Quoting praveen malviya <[email protected]>:

> Hi Minh,
>
> One quick question:
> Ticket description says:
> "Si deps safSi=AmfDemoTwon2 depends safSi=AmfDemoTwon1 depends  
> safSi=AmfDemoTwon"
> But logs are related to without SIdep. Also in the configuration  
> app3_twon3su3si.xml, SI dep classes are commented.

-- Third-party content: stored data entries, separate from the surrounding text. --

(* Let $I_{CH}$ be an instance of $\varepsilon$-Consensus-Halving with $n$ agents having $k'$-block valuations $v_1,\dots,v_n$ on $[0,1]$, let $x_1\le\dots\le x_m$ be its points of interest, and for $j\in[m-1]$ let $c_{ij}\ge 0$ be the (constant) density of $v_i$ on $[x_j,x_{j+1}]$. Let $I_{SC}$ be the instance with mass distributions $\mu_1,\dots,\mu_n$, where $\mu_i$ has constant density $c_{ij}(x_{j+1}-x_j)$ on the unit square $s_j=[j,j+1]\times[j,j+1]$ for each $j\in[m-1]$ and density $0$ elsewhere. Then from every ($y$-monotone) SC-path with $k$ turns satisfying $|\mu_i(R^+)-\mu_i(R^-)|\le\varepsilon$ for all $i\in[n]$ one obtains a solution of $I_{CH}$ with at most $k+1$ cuts, i.e. a partition of $[0,1]$ by at most $k+1$ cut points into intervals alternately labelled $+$ and $-$, with $|v_i(\mathcal{I}^+)-v_i(\mathcal{I}^-)|\le\varepsilon$ for all $i$, where $\mathcal{I}^\pm$ is the union of intervals labelled $\pm$.
   Context: A $k'$-block valuation $v_i$ on $[0,1]$ is given by at most $k'$ non-overlapping intervals $[a^\ell_{ij},a^r_{ij}]$ with densities $c_{ij}>0$ (density $0$ elsewhere), normalised so that $v_i([0,1])=1$. The points of interest are the endpoints $a^\ell_{ij},a^r_{ij}$ over all agents and blocks, sorted as $x_1\le\dots\le x_m$. A square-cut-path (SC-path) is a non-self-crossing directed path made of horizontal and vertical segments inside a bounding square containing all $s_j$, allowed to wrap around horizontally; it partitions this square into $R^+$ and $R^-$. A turn is a point where a horizontal and a vertical segment meet; $y$-monotone means the path never moves downwards. *)

theory Defs
  imports "HOL-Analysis.Analysis"
begin

text \<open>A block is a triple (left endpoint, right endpoint, density).\<close>
type_synonym block = "real \<times> real \<times> real"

> I think ticket description needs correction as problem is without SI dep.
> Please confirm.
>
> Thanks,
> Praveen
>
>
> On 17-Feb-17 10:58 AM, praveen malviya wrote:
>> Hi Minh,
>>
>> I have started reviewing this patch.
>>
>> Thanks,
>> Praveen
>>
>> On 15-Feb-17 9:22 AM, minh chau wrote:
>>> Hi all,
>>>
>>> Have you had time to review this patch?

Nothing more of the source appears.